____ Given data
(* Let $m,n,k$ be positive integers, $A\in\mathbb{R}^{m\times n}$ satisfying the $(2k+1)$-RIP, $x^*\in\mathbb{R}^n$ with support $S^*$, $|S^*|\le k$, $e\in\mathbb{R}^m$, $y=Ax^*+e$. For every initialization $\mathcal{X}^0$, every $\eta>0$ and every $t\in\mathbb{N}$, the SEA iterates satisfy $$\|(x^t-x^* )_{S^t}\|_2\le\frac{\delta_{2k}}{1-\delta_k}\frac{\|u^t\|_2}{\eta}+\frac{\sqrt{1+\delta_k}}{1-\delta_k}\|e\|_2.$$
   Context: For $l\in\{1,\dots,n\}$, the restricted isometry constant $\delta_l$ of $A$ is the smallest $\delta\ge0$ such that $(1-\delta)\|x\|_2^2\le\|Ax\|_2^2\le(1+\delta)\|x\|_2^2$ for all $x$ with at most $l$ nonzero entries; $A$ satisfies the $l$-RIP if $\delta_l<1$. $S^*=\{i:x^*_i\neq0\}$. For $v\in\mathbb{R}^n$, $\mathrm{largest}_k(v)$ is the set of indices of the $k$ entries of $v$ with largest absolute value (ties broken by selecting the highest indices). For $S\subseteq\{1,\dots,n\}$, $A_S$ is the submatrix of columns indexed by $S$, $v_S$ the restriction of a vector to $S$, $A_S^\dagger$ the Moore–Penrose pseudoinverse of $A_S$. SEA with initialization $\mathcal{X}^0$ and step size $\eta$ generates, for $t=0,1,2,\dots$: $S^t=\mathrm{largest}_k(\mathcal{X}^t)$; $x^t_i=0$ for $i\notin S^t$ and $x^t_{S^t}=A_{S^t}^\dagger y$; $\mathcal{X}^{t+1}=\mathcal{X}^t-\eta A^T(Ax^t-y)$. The oracle direction is $u^t_i=-\eta x^*_i$ if $i\in S^*\setminus S^t$ and $u^t_i=0$ otherwise. *)

theory Defs
  imports Complex_Main
begin

text \<open>Vectors in R^n are functions nat \<Rightarrow> real, only the entries with
index in {0..<n} matter. An m\<times>n matrix is a function nat \<Rightarrow> nat \<Rightarrow> real (row, column),
only entries in {0..<m}\<times>{0..<n} matter. Submatrices and pseudoinverses are handled
with matrices whose rows/columns are indexed by arbitrary finite index sets.\<close>

definition vnorm :: "nat set \<Rightarrow> (nat \<Rightarrow> real) \<Rightarrow> real" where
  "vnorm I v = sqrt (\<Sum>i\<in>I. (v i)\<^sup>2)"
(* (i) Let $(A,\succ,\prec)$ be an anti-pre-Novikov algebra and $s\in A\otimes A$ define a factorizable anti-pre-Novikov bialgebra $(A,\succ,\prec,\Delta_{\succ,s},\Delta_{\prec,s})$, and let $\lambda\in k$ be nonzero. Define $\omega(x,y)=-\lambda\langle T_{s+\tau(s)}^{-1}(x),y\rangle$ for $x,y\in A$ and $P=T_s\omega^\sharp$. Then $(A,\succ,\prec,P,\omega)$ is a quadratic Rota–Baxter anti-pre-Novikov algebra of weight $\lambda$. (ii) Conversely, let $(A,\succ,\prec,P,\omega)$ be a quadratic Rota–Baxter anti-pre-Novikov algebra of weight $\lambda\neq0$, and let $s\in A\otimes A$ be defined by $T_s=P(\omega^\sharp)^{-1}$. Then $(A,\succ,\prec,\Delta_{\succ,s},\Delta_{\prec,s})$ is a factorizable anti-pre-Novikov bialgebra.
   Context: $A$ is finite-dimensional over a field $k$. An anti-pre-Novikov algebra is $(A,\succ,\prec)$ such that with $x\circ y=x\succ y+x\prec y$: $(x\circ y-y\circ x)\succ z=y\succ(x\succ z)-x\succ(y\succ z)$; $x\prec(y\circ z)=(y\succ x)\prec z-(x\prec y)\prec z-y\succ(x\prec z)$; $(x\circ y)\succ z=-(x\succ z)\prec y$; $(x\prec y)\prec z=(x\prec z)\prec y$; $(x\circ y-y\circ x)\prec z=x\succ(y\circ z)-y\succ(x\circ z)$. Notation: $x\odot y=x\succ y+y\prec x$; $L_\ast(x)y=x\ast y$, $R_\ast(x)y=y\ast x$; $L_{\star}=L_{\circ}+R_{\circ}$, $L_{\odot}=L_{\succ}+R_{\prec}$; $\tau$ is the flip; $T_r:A^*\to A$, $\langle T_r(\zeta),\eta\rangle=\langle r,\zeta\otimes\eta\rangle$; $\omega^\sharp:A\to A^*$, $\langle\omega^\sharp(x),y\rangle=\omega(x,y)$. $r\in A\otimes A$ is invariant if $(I\otimes L_{\star}(x)-L_{\succ}(x)\otimes I)r=0$ and $(L_{\circ}(x)\otimes I-I\otimes L_{\odot}(x))r=0$ for all $x$. For $s=\sum_i a_i\otimes b_i$, the anti-pre-Novikov Yang–Baxter equation (APN-YBE) is $\sum_{i,j}a_i\circ a_j\otimes b_i\otimes b_j+\sum_{i,j}a_j\otimes a_i\otimes(b_i\odot b_j)+\sum_{i,j}a_i\otimes(b_i\prec a_j)\otimes b_j=0$. Given $s$, set $\Delta_{\succ,s}(x)=(I\otimes L_{\star}(x)-L_{\succ}(x)\otimes I)s$ and $\Delta_{\prec,s}(x)=(L_{\circ}(x)\otimes I-I\otimes L_{\odot}(x))s$. If $s$ solves the APN-YBE and $s+\tau(s)$ is invariant, $(A,\succ,\prec,\Delta_{\succ,s},\Delta_{\prec,s})$ is called a quasi-triangular anti-pre-Novikov bialgebra (the paper shows it is always an anti-pre-Novikov bialgebra); it is called factorizable if in addition $T_{s+\tau(s)}:A^*\to A$ is a linear isomorphism. A Rota–Baxter operator of weight $\lambda$ on $(A,\succ,\prec)$ is a linear $P$ with $P(x)\prec P(y)=P(P(x)\prec y+x\prec P(y)+\lambda x\prec y)$ and $P(x)\succ P(y)=P(P(x)\succ y+x\succ P(y)+\lambda x\succ y)$. A quadratic Rota–Baxter anti-pre-Novikov algebra of weight $\lambda$ is $(A,\succ,\prec,P,\omega)$ with $P$ Rota–Baxter of weight $\lambda$, $\omega$ non-degenerate symmetric with $\omega(x\prec y,z)=-\omega(x,z\circ y)$, $\omega(x\succ y,z)=\omega(x\circ z+z\circ x,y)$, and $\omega(P(x),y)+\omega(x,P(y))+\lambda\omega(x,y)=0$. *)

theory Defs
  imports Main
begin
definition additive_character :: "('a::ab_group_add \<Rightarrow> complex) \<Rightarrow> bool" where
  "additive_character \<psi> \<longleftrightarrow> (\<forall>x. \<psi> x \<noteq> 0) \<and> (\<forall>x y. \<psi> (x + y) = \<psi> x * \<psi> y)"

definition is_rep :: "'g set \<Rightarrow> ('g \<Rightarrow> 'g \<Rightarrow> 'g) \<Rightarrow> 'g \<Rightarrow> nat \<Rightarrow> ('g \<Rightarrow> complex mat) \<Rightarrow> bool" where
  "is_rep G gmul gone n \<rho> \<longleftrightarrow>
     (\<forall>g\<in>G. \<rho> g \<in> carrier_mat n n) \<and> \<rho> gone = 1\<^sub>m n \<and>
     (\<forall>g\<in>G. \<forall>g'\<in>G. \<rho> (gmul g g') = \<rho> g * \<rho> g')"

definition invariant_subspace :: "'g set \<Rightarrow> nat \<Rightarrow> ('g \<Rightarrow> complex mat) \<Rightarrow> complex vec set \<Rightarrow> bool" where
  "invariant_subspace G n \<rho> W \<longleftrightarrow>
     W \<subseteq> carrier_vec n \<and> 0\<^sub>v n \<in> W \<and>
     (\<forall>v\<in>W. \<forall>w\<in>W. v + w \<in> W) \<and> (\<forall>c. \<forall>v\<in>W. c \<cdot>\<^sub>v v \<in> W) \<and>
     (\<forall>g\<in>G. \<forall>v\<in>W. \<rho> g *\<^sub>v v \<in> W)"

definition irreducible_rep :: "'g set \<Rightarrow> ('g \<Rightarrow> 'g \<Rightarrow> 'g) \<Rightarrow> 'g \<Rightarrow> nat \<Rightarrow> ('g \<Rightarrow> complex mat) \<Rightarrow> bool" where
  "irreducible_rep G gmul gone n \<rho> \<longleftrightarrow> is_rep G gmul gone n \<rho> \<and> n > 0 \<and>
     (\<forall>W. invariant_subspace G n \<rho> W \<longrightarrow> W = {0\<^sub>v n} \<or> W = carrier_vec n)"

definition restriction_contains :: "'g set \<Rightarrow> nat \<Rightarrow> ('g \<Rightarrow> complex mat) \<Rightarrow> ('g \<Rightarrow> complex) \<Rightarrow> bool" where
  "restriction_contains H n \<rho> \<chi> \<longleftrightarrow>
     (\<exists>v\<in>carrier_vec n. v \<noteq> 0\<^sub>v n \<and> (\<forall>g\<in>H. \<rho> g *\<^sub>v v = \<chi> g \<cdot>\<^sub>v v))"

end

theory Submission
  imports Defs "HOL-Library.Cardinality" "HOL-Number_Theory.Residues"
begin
definition relator :: "('o, unit) etree set set \<Rightarrow> 'a set \<Rightarrow> ('a \<times> 'a) set \<Rightarrow>
    ('o, 'a) etree \<Rightarrow> ('o, 'a) etree \<Rightarrow> bool" where
  "relator Mods X R t t' \<longleftrightarrow> (\<forall>A. A \<subseteq> X \<longrightarrow> (\<forall>mo\<in>Mods. t \<in> modal mo A \<longrightarrow> t' \<in> modal mo (R `` A)))"

definition app_sim :: "('o \<Rightarrow> arity) \<Rightarrow> ('o, unit) etree set set \<Rightarrow>
    (ty \<Rightarrow> ('o val \<times> 'o val) set) \<Rightarrow> (ty \<Rightarrow> ('o comp \<times> 'o comp) set) \<Rightarrow> bool" where
  "app_sim ar Mods Rv Rc \<longleftrightarrow>
     (\<forall>t. Rv t \<subseteq> Val ar t \<times> Val ar t \<and> Rc t \<subseteq> Com ar t \<times> Com ar t) \<and>
     (\<forall>V W. (V, W) \<in> Rv TNat \<longrightarrow> V = W) \<and>
     (\<forall>t M N. (M, N) \<in> Rc t \<longrightarrow> relator Mods (Val ar t) (Rv t) (optree M) (optree N)) \<and>
     (\<forall>t' t V W. (V, W) \<in> Rv (TArr t' t) \<longrightarrow> (\<forall>U\<in>Val ar t'. (App V U, App W U) \<in> Rc t))"

definition vsim :: "('o \<Rightarrow> arity) \<Rightarrow> ('o, unit) etree set set \<Rightarrow> ty \<Rightarrow> 'o val \<Rightarrow> 'o val \<Rightarrow> bool" where
  "vsim ar Mods t V W \<longleftrightarrow> (\<exists>Rv Rc. app_sim ar Mods Rv Rc \<and> (V, W) \<in> Rv t)"

definition csim :: "('o \<Rightarrow> arity) \<Rightarrow> ('o, unit) etree set set \<Rightarrow> ty \<Rightarrow> 'o comp \<Rightarrow> 'o comp \<Rightarrow> bool" where
  "csim ar Mods t M N \<longleftrightarrow> (\<exists>Rv Rc. app_sim ar Mods Rv Rc \<and> (M, N) \<in> Rc t)"

end

theory Submission
  imports Defs
begin

text \<open>An applicative simulation \<open>R\<close> maps the extension of every formula into itself.
  This is an induction on formulas whose only real case is a modal formula \<open>o \<phi>\<close>: the relator
  sends \<open>|M| \<in> o(\<phi>)\<close> to \<open>|N| \<in> o(R[\<phi>])\<close>, and \<open>R[\<phi>] \<subseteq> \<phi>\<close> by the induction hypothesis, while upward
  closure of \<open>o\<close> makes \<open>A \<mapsto> o(A)\<close> monotone. Hence similarity is contained in the logical
  preorder.

  Conversely the logical preorder is itself an applicative simulation. For its relator clause,
  the up-set \<open>R[A]\<close> of any set \<open>A\<close> of values is definable, as the disjunction over \<open>V \<in> A\<close>
  of the conjunction of all formulas satisfied by \<open>V\<close>; so \<open>o(R[A])\<close> is a computation formula,
  which \<open>M\<close> satisfies by monotonicity and which \<open>N\<close> then inherits.\<close>

lemma restr_simps [simp]:
  "restr A Bot = Bot"
  "restr A (Leaf x) = (if x \<in> A then Leaf () else Bot)"
  "restr A (Node s m ts) = Node s m (map (restr A) ts)"
  "restr A (NodeI s m f) = NodeI s m (\<lambda>i. restr A (f i))"
  by (subst restr.code; simp)+

lemma tle_restr_mono:
  assumes "A \<subseteq> B"
  shows "tle (restr A t) (restr B t)"
proof (coinduction arbitrary: t rule: tle.coinduct)
  case (tle t)
  then show ?case
    using assms by (cases t) (auto simp: list_all2_map1 list_all2_map2 intro!: list_all2_refl)
qed

lemma wft_restr:
  assumes "wft ar (restr A t)"
  shows "wft ar (restr B t)"
  using assms
proof (coinduction arbitrary: t rule: wft.coinduct)
  case (wft t)
  then show ?case
    by (cases t) (auto elim!: wft.cases)
qed

text \<open>Restricting to a larger set cuts fewer leaves to \<open>Bot\<close>, giving a larger tree
  of the same shape.\<close>
lemma modal_mono:
  assumes "upclosed_modality ar mo" and "A \<subseteq> B" and "t \<in> modal mo A"
  shows "t \<in> modal mo B"
proof -
  have "restr A t \<in> mo"
    using assms(3) by (simp add: modal_def)
  moreover have "wft ar (restr B t)"
    using calculation assms(1) by (auto simp: upclosed_modality_def intro: wft_restr)
  ultimately show ?thesis
    using assms(1) tle_restr_mono[OF assms(2)] by (auto simp: upclosed_modality_def modal_def)
qed

inductive_cases vtyp_TNatE: "vtyp ar G V TNat"

lemma Val_TNat_num:
  assumes "V \<in> Val ar TNat"
  shows "\<exists>n. V = num n"
  using assms unfolding Val_def
proof (induction V)
  case (Succ V)
  then obtain n where "V = num n"
    by (auto elim: vtyp_TNatE)
  then have "Succ V = num (Suc n)"
    by simp
  then show ?case ..
qed (auto elim: vtyp_TNatE intro: exI[of _ 0])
________
_Task to complete:_ From the entries above, print the lines beginning at the one with "n > 0 \<and>" and stopping after the one with "('o, 'a) etree \<Rightarrow> ('o, 'a)", exactly as written and with nothing else.

_Answer to this task:_
  "irreducible_rep G gmul gone n \<rho> \<longleftrightarrow> is_rep G gmul gone n \<rho> \<and> n > 0 \<and>
     (\<forall>W. invariant_subspace G n \<rho> W \<longrightarrow> W = {0\<^sub>v n} \<or> W = carrier_vec n)"

definition restriction_contains :: "'g set \<Rightarrow> nat \<Rightarrow> ('g \<Rightarrow> complex mat) \<Rightarrow> ('g \<Rightarrow> complex) \<Rightarrow> bool" where
  "restriction_contains H n \<rho> \<chi> \<longleftrightarrow>
     (\<exists>v\<in>carrier_vec n. v \<noteq> 0\<^sub>v n \<and> (\<forall>g\<in>H. \<rho> g *\<^sub>v v = \<chi> g \<cdot>\<^sub>v v))"

end

theory Submission
  imports Defs "HOL-Library.Cardinality" "HOL-Number_Theory.Residues"
begin
definition relator :: "('o, unit) etree set set \<Rightarrow> 'a set \<Rightarrow> ('a \<times> 'a) set \<Rightarrow>
    ('o, 'a) etree \<Rightarrow> ('o, 'a) etree \<Rightarrow> bool" where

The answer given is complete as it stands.